El tipo comenzó a caminar hacía la salida mientras Firo secaba el sudor de su frente y lo seguía.

La vida de Firo cambió cuando Sonia, la única mujer que había amado toda su vida, le confirmo sus sospechas, ella venía engañándolo con su jefe ya 2 años, y como si eso no fuera suficiente, estaba embarazada de ese hombre. Aunque Firo trato de negarlo, ella fue contundente al decir que se iría con el padre de su hijo, según las palabras de Sonia, no podía seguir con un ser tan rastrero como Firo.

Firo, empecinado en limpiar su honor, consiguió por internet, en una página nada fiable, el número de una persona encargada de "deshacerse de cargas ajenas".

Firo no supo nada del hombre que contestó al número que marcó, solo hasta que se enteró del suicidio de Sonia, supuestamente al enterarse de la pérdida de su hijo. Al menos nada hasta ahora.

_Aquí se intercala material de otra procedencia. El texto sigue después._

lemma J_split_prime:
  fixes p Q M :: nat
  assumes p: "prime p" and "coprime p Q" and "p dvd M" and "\<not> 3 dvd M"
  shows "J k Q M = J k (p * Q) M + p ^ k * J k Q (M div p)"
proof -
  obtain m where M: "M = p * m"
    using \<open>p dvd M\<close> by blast
  have "p > 0"
    using p prime_gt_0_nat by blast
  have "coprime 3 p"
    using \<open>\<not> 3 dvd M\<close> M prime_imp_coprime[of 3 p] dvd_mult2 by auto
  then have "coprime (int p) 3"
    by (metis coprime_commute coprime_int_iff of_nat_numeral)
  then have cong_cancel: "[int (p * t) = - int M] (mod 3) \<longleftrightarrow> [int t = - int m] (mod 3)" for t
    using cong_mult_lcancel[of "int p" 3 "int t" "- int m"] by (simp add: M)
  define A where "A = {u. 0 < u \<and> 2 * u < M \<and> coprime u Q \<and> [int u = - int M] (mod 3)}"
  define A' where "A' = {u. 0 < u \<and> 2 * u < m \<and> coprime u Q \<and> [int u = - int m] (mod 3)}"
  have "finite A"
    unfolding A_def by (rule finite_subset[of _ "{..<M}"]) auto
  have split: "A = {u \<in> A. coprime u (p * Q)} \<union> {u \<in> A. p dvd u}"
    using p prime_imp_coprime coprime_commute unfolding A_def by auto
  have image: "{u \<in> A. p dvd u} = (\<lambda>t. p * t) ` A'"
  proof (intro equalityI subsetI)
    fix u assume "u \<in> {u \<in> A. p dvd u}"
    then obtain t where "u = p * t" "p * t \<in> A"
      by blast
    then show "u \<in> (\<lambda>t. p * t) ` A'"
      using \<open>p > 0\<close> cong_cancel unfolding A_def A'_def M by auto
  next
    fix u assume "u \<in> (\<lambda>t. p * t) ` A'"
    then show "u \<in> {u \<in> A. p dvd u}"
      using \<open>p > 0\<close> cong_cancel \<open>coprime p Q\<close> unfolding A_def A'_def M by auto
  qed
  have "J k Q M = (\<Sum>u\<in>A. u ^ k)"
    unfolding J_def A_def ..
  also have "\<dots> = (\<Sum>u | u \<in> A \<and> coprime u (p * Q). u ^ k) + (\<Sum>u | u \<in> A \<and> p dvd u. u ^ k)"
    using \<open>finite A\<close> p by (subst split, intro sum.union_disjoint) (auto simp: prime_imp_coprime)
  also have "(\<Sum>u | u \<in> A \<and> coprime u (p * Q). u ^ k) = J k (p * Q) M"
    unfolding J_def A_def by (intro sum.cong) auto
  also have "(\<Sum>u | u \<in> A \<and> p dvd u. u ^ k) = (\<Sum>t\<in>A'. (p * t) ^ k)"
    using image \<open>p > 0\<close> by (simp add: sum.reindex inj_on_def)
  also have "\<dots> = p ^ k * J k Q (M div p)"
    unfolding J_def A'_def M using \<open>p > 0\<close> by (simp add: power_mult_distrib sum_distrib_left)
  finally show ?thesis .
qed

La parte trasera del bar era un sitio bastante oscuro, se podía escuchar sin necesidad de hacer silencio a las ratas morder las bolsas de basura que se acumulaban ahí.

El hombre y Firo decidieron que ese sería un buen lugar para charlar.

"Muy bien Firo!... espero que podamos seguir negocios!" le dijo el hombre al recibir el sobre de parte de Firo.

"No me hable con tanta naturalidad señor... y no volveremos a hacer negocios"

"Jajaja así que el señor viuda negra no quiere que lo tuteen" sonreía el hombre mientras empezaba a contar el dinero del sobre.

"¡No me hables así!... ¡viuda negra que estupidez! ¡fue usted el que la mató!" Firo se alteró en ese instante, algo extraño en él.

"¡Hey! ¡hey! ¡hey! ¡A mí no me hables así maldita rata!" El tipo tomó por el cuello sin dudarlo y y lo alzó con fuerza contra la pared más cercana.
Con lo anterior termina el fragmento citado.